Настоящим прорывом в изучении неформального сектора стали эмпирические исследования, проводимые под эгидой Международной организации труда (МОТ) и Всемирного банка. Подобные исследования проводились в Колумбии (1970), Шри-Ланке (1971), Кении (1972) и других странах «третьего мира». Эти проекты должны были ответить на вопрос о степени применимости к рынку труда развивающихся стран концепции безработицы, принятой в развитых странах Запада. Фактически, речь шла об исследованиях, имеющих явное прикладное значение, – уточнение программ помощи развивающимся странам. В результате неформальный сектор был терминологически узаконен и эмпирически описан.
   Особо отметим, что в исследованиях МОТ неформальный сектор трактовался не как прибежище маргиналов, реанимирующих докапиталистический этап развития, а как амортизатор социально-экономических потрясений, инкубатор предпринимательского слоя, спасение от бедности широких масс населения. Как отмечал Р. Бромли, «интеллектуальная валидность концепции была для многих людей вторична по сравнению с ее политической направленностью» [Bromley, 1978, p.1036]. Дело в том, что поддержка неформального предпринимательства остается ключевой возможностью снижения бедности в этих странах. Политическая корректность суждения об этом феномене, созвучная интенциям внешней политики развитых стран по отношению к «третьему миру», в немалой степени способствовала вхождению этого понятия в социально-политический дискурс ученых и политиков. Концепция неформального сектора создавала рациональную основу для рекомендаций странам третьего мира, не провоцируя в них социальный взрыв[2].
   Что же такое неформальный сектор? В качестве ответа на этот вопрос исследователи предпочитали перечислять характеристики этого сектора, а не концептуализировать понятие. Специфика неформального сектора представлена в табл.1 [Fidler, Webster, 1996, p. 6].
 
   Таблица 1
   Сравнение формального и неформального секторов
 
   Фактически, регулярное использование этого термина применительно к странам «третьего мира» апеллировало к здравому смыслу common-sense notion»). Изначальное определение методом от противного (не-формальный сектор) стараниями последователей выродилось в набор позитивных характеристик: низкий уровень организации, случайная занятость, слабая механизация, личные отношения вместо контрактных обязательств, малый размер и проч.
   Но такой подход был явно ущербен, поскольку операционализация каждого признака формировала разные совокупности эмпирических объектов. Показательно в этом смысле совместное исследование американского экономиста Д. Мида и французского экономиста К. Моррисона, посвященное малому бизнесу стран «третьего мира» [Mead, Morrisson, 1996]. Изучая 2200 предприятий из семи стран Латинской Америки, Африки и Азии, ученые пришли к выводу, что основные признаки неформального сектора – небольшое число рабочих мест, слабое соблюдение законодательства, низкая капиталоемкость – не имеют жесткой взаимосвязи. Эти признаки далеко не всегда встречаются одновременно и, более того, степень их корреляции варьирует от страны к стране. Эти ученые показали весьма слабую связь между различными измерительными техниками, основанными на размере, регистрации, уплате налогов и выполнении трудового законодательства. Это затрудняет выработку унифицированного определения неформального сектора.
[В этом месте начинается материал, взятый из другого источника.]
lemma preserves_mult_twist: "preserves_rels (\<lambda>w. fdelta (mult_twist u w)) (rels3 sH sH sP) RHPBP"
  by (rule preserves_rels3)
    (simp_all add: mult_twist_def distrib_left distrib_right S_add S_scale scaleH_mult[symmetric]
      teq_relsHPBP_slots)

lemma antipode_collapse:
  "teq RHPBP (fext (\<lambda>v. fdelta (g * fst v * S (snd v), p, q)) (\<Delta>H h)) (fscal (\<epsilon>H h) (fdelta (g, p, q)))"
proof -
  have "(\<Sum>v\<in>supp (\<Delta>H h). sH (\<Delta>H h v) (g * fst v * S (snd v)))
      = g * (\<Sum>v\<in>supp (\<Delta>H h). sH (\<Delta>H h v) (fst v * S (snd v)))"
    by (simp add: mult.assoc scaleH_mult(2) sum_distrib_left)
  also have "\<dots> = g * sH (\<epsilon>H h) 1"
    by (simp add: S_right)
  also have "\<dots> = sH (\<epsilon>H h) g"
    by (simp add: scaleH_mult(2)[symmetric])
  finally have "teq RHPBP (fext (\<lambda>v. fdelta (g * fst v * S (snd v), p, q)) (\<Delta>H h)) (fdelta (sH (\<epsilon>H h) g, p, q))"
    using teq_linrels_sum[OF linrels_subset_relsHPBP(1)[where sH=sH and sP=sP and B=B and b=p
          and c=q], where A="supp (\<Delta>H h)" and c="\<Delta>H h" and v="\<lambda>v. g * fst v * S (snd v)"]
    by (simp add: fext_eq_sum)
  then show ?thesis
    by (rule teq_trans) (simp add: teq_relsHPBP_slots)
qed

lemma counit_collapse:
  "teq RHPBP (fext (\<lambda>w. fscal (\<epsilon>H (fst w)) (fdelta (g, p, snd w))) (\<rho>H y)) (fdelta (g, p, y))"
  using teq_linrels_sum[OF linrels_subset_relsHPBP(3)[where sH=sH and sP=sP and B=B and a=g
        and b=p], where A="supp (\<rho>H y)" and c="\<lambda>w. \<rho>H y w * \<epsilon>H (fst w)" and v=snd]
  by (simp add: fext_eq_sum fscal_fscal \<rho>H_counit)

lemma twist_coact_mult:
  "teq RHPBP (fext (\<lambda>v. twist (fst u * fst v, snd u, snd v)) (\<rho>H y)) (fdelta (fst u, snd u, y))"
proof -
  have fin_tr: "fin (tens_right \<rho>H (\<rho>H y))"
    unfolding tens_right_eq_fext[OF fin_\<rho>H] by (rule fin_fext) auto
  have fin_tl: "fin (tens_left \<Delta>H (\<rho>H y))"
    unfolding tens_left_eq_fext[OF fin_\<Delta>H] by (rule fin_fext) auto
  have twist_as_tens_right: "fext (\<lambda>v. twist (fst u * fst v, snd u, snd v)) (\<rho>H y)
      = fext (\<lambda>w. fdelta (mult_twist u w)) (tens_right \<rho>H (\<rho>H y))"
    by (simp add: tens_right_eq_fext[OF fin_\<rho>H] fext_fext fext_fprefix twist_def twist_gen_def
        mult_twist_def)
  have "teq RHPBP (fext (\<lambda>w. fdelta (mult_twist u w)) (tens_right \<rho>H (\<rho>H y)))
      (fext (\<lambda>w. fdelta (mult_twist u w)) (tens_left \<Delta>H (\<rho>H y)))"
    by (rule teq_fext_preserves[OF rels_fin_rels3 preserves_mult_twist fin_tr fin_tl
          teq_sym[OF \<rho>H_coassoc]])
  also have "\<dots> = fext (\<lambda>w. fext (\<lambda>v. fdelta (fst u * fst v * S (snd v), snd u, snd w)) (\<Delta>H (fst w)))
      (\<rho>H y)"
    unfolding tens_left_eq_fext[OF fin_\<Delta>H]
    by (subst fext_fext) (simp_all add: fsuffix_def fext_fext fin_fext mult_twist_def)
  also have "teq RHPBP \<dots> (fext (\<lambda>w. fscal (\<epsilon>H (fst w)) (fdelta (fst u, snd u, snd w))) (\<rho>H y))"
    by (rule teq_fext_cong) (rule antipode_collapse)
  also have "teq RHPBP \<dots> (fdelta (fst u, snd u, y))"
    by (rule counit_collapse)
  finally show ?thesis
    unfolding twist_as_tens_right .
qed

lemma twist_diag_coact:
  "teq RHPBP (fext twist (diag_coact z)) (fext (\<lambda>v. fdelta (fst v, snd v, snd z)) (\<rho>H (fst z)))"
  unfolding diag_coact_eq_fext fext_fext_fdelta[OF fin_\<rho>H fin_\<rho>H]
  by (rule teq_fext_cong) (rule twist_coact_mult)

lemma translation_antipode:
  assumes t: "fin t" and can_t: "teq RPC (can \<rho>C t) (fdelta (1, c))"
  shows "teq RHPBP (fext (\<lambda>z. fext (\<lambda>v. fdelta (fst v, snd v, snd z)) (\<rho>H (fst z))) t)
    (fext (\<lambda>z. fext (\<lambda>v. fdelta (S (fst v), fst z, snd v)) (\<rho>H (snd z))) t)"
proof -
  have "teq RHPBP (fext (\<lambda>z. fext (\<lambda>v. fdelta (fst v, snd v, snd z)) (\<rho>H (fst z))) t)
      (fext (\<lambda>z. fext twist (diag_coact z)) t)"
    by (rule teq_fext_cong) (rule teq_sym[OF twist_diag_coact])
  also have "\<dots> = fext twist (fext diag_coact t)"
    using t by (simp add: fext_fext)
  also have "teq RHPBP \<dots> (fext twist (fprefix 1 t))"
    using t diag_coact_translation[OF t can_t]
    by (intro teq_fext_preserves[OF rels_fin_relsHPBP preserves_twist] fin_fext) auto
  also have "\<dots> = fext (\<lambda>z. fext (\<lambda>v. fdelta (S (fst v), fst z, snd v)) (\<rho>H (snd z))) t"
    using t by (simp add: fext_fprefix twist_def twist_gen_def)
  finally show ?thesis .
qed

end

end

theorem mainTheorem4:
  fixes sC :: "'k::field \<Rightarrow> 'c::ab_group_add \<Rightarrow> 'c"
    and \<Delta>C :: "'c \<Rightarrow> 'c \<times> 'c \<Rightarrow> 'k" and \<epsilon>C :: "'c \<Rightarrow> 'k"
    and sH :: "'k \<Rightarrow> 'h::{ring,monoid_mult} \<Rightarrow> 'h"
    and \<Delta>H :: "'h \<Rightarrow> 'h \<times> 'h \<Rightarrow> 'k" and \<epsilon>H :: "'h \<Rightarrow> 'k"
    and sP :: "'k \<Rightarrow> 'p::{ring,monoid_mult} \<Rightarrow> 'p"
    and \<rho>H :: "'p \<Rightarrow> 'h \<times> 'p \<Rightarrow> 'k" and \<rho>C :: "'p \<Rightarrow> 'p \<times> 'c \<Rightarrow> 'k"
  assumes "coalgebra sC \<Delta>C \<epsilon>C"
    and "bialgebra sH \<Delta>H \<epsilon>H"
    and "k_algebra sP"
    and "bicomodule sH \<Delta>H \<epsilon>H sC \<Delta>C \<epsilon>C sP \<rho>H \<rho>C"
    and "coaction_alg_map sH sP \<rho>H"
    and "galois sC sP \<rho>C"
    and "coinvC sC sP \<rho>C \<subseteq> coinvH sH sP \<rho>H"
  shows "(\<forall>c t. finite (supp t) \<and> teq (rels2 sP sC) (can \<rho>C t) (fdelta (1, c)) \<longrightarrow>
           teq (relsHPBP sH sP (coinvC sC sP \<rho>C))
             (fext (\<lambda>(x, y). fmap (\<lambda>((h1, p1), (h2, q1)). (h1 * h2, p1, q1))
                                  (ftens (\<rho>H x) (\<rho>H y))) t)
             (fmap (\<lambda>(x, y). (1, x, y)) t))
    \<and> (\<forall>S. antipode sH \<Delta>H \<epsilon>H S \<longrightarrow>
         (\<forall>c t. finite (supp t) \<and> teq (rels2 sP sC) (can \<rho>C t) (fdelta (1, c)) \<longrightarrow>
           teq (relsHPBP sH sP (coinvC sC sP \<rho>C))
             (fext (\<lambda>(x, y). fmap (\<lambda>(h, p). (h, p, y)) (\<rho>H x)) t)
             (fext (\<lambda>(x, y). fmap (\<lambda>(h, q). (S h, x, q)) (\<rho>H y)) t)))"
proof -
  interpret galois_bicomodule_algebra sC \<Delta>C \<epsilon>C sH \<Delta>H \<epsilon>H sP \<rho>H \<rho>C
    using assms(2-7) by unfold_locales
  have diag: "(\<lambda>(x, y). fmap (\<lambda>((h1, p1), (h2, q1)). (h1 * h2, p1, q1)) (ftens (\<rho>H x) (\<rho>H y)))
      = diag_coact"
    by (simp add: fun_eq_iff diag_coact_def)
  have left: "(\<lambda>(x, y). fmap (\<lambda>(h, p). (h, p, y)) (\<rho>H x))
      = (\<lambda>z. fext (\<lambda>v. fdelta (fst v, snd v, snd z)) (\<rho>H (fst z)))"
    by (simp add: fun_eq_iff fmap_eq_fext split_beta)
  have right: "(\<lambda>(x, y). fmap (\<lambda>(h, q). (S h, x, q)) (\<rho>H y))
      = (\<lambda>z. fext (\<lambda>v. fdelta (S (fst v), fst z, snd v)) (\<rho>H (snd z)))" for S :: "'h \<Rightarrow> 'h"
    by (simp add: fun_eq_iff fmap_eq_fext split_beta)
  show ?thesis
    using diag_coact_translation translation_antipode
    unfolding diag left right by (auto simp: fmap_Pair_eq_fprefix)
qed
   Но эмпирические исследования было уже не остановить. Причины изучения неформального сектора в странах «третьего мира» связаны с изменениями в сфере экономики и управления.
   В сфере экономики наиболее значимыми процессами явились: развитие мировой системы капитала; экспансия капитала развитых западных стран; распространение сетевого метода организации производства и пространства; переход ряда стран к постиндустриальному этапу развития и, как следствие, индивидуализация потребностей и качественный отрыв от регионов, решающих задачи индустриализации. Эти процессы спровоцировали социокультурный и экономический конфликты хозяйственных укладов, осмысленные в противопоставлении формальной и неформальной экономик.
   В сфере управления важную роль сыграло формирование новых субъектов управления (МОТ, Всемирный банк, ВОЗ и проч.), специфика которых состояла в глобальности управленческих задач, а решение выходило за рамки национальных экономик. Гуманитарные, социально-экономические и политические проблемы стали рассматриваться как сквозные, выходящие за рамки национальных экономик. Это требовало выработки более гибких и универсальных аналитических схем, а также корректировки ряда понятий в кросскультурной перспективе (например, понятия безработицы). Отвечая на эти вызовы, международные организации создали финансовую и организационно-управленческую основу корпоративистских исследований, посвященных неформальному сектору экономике.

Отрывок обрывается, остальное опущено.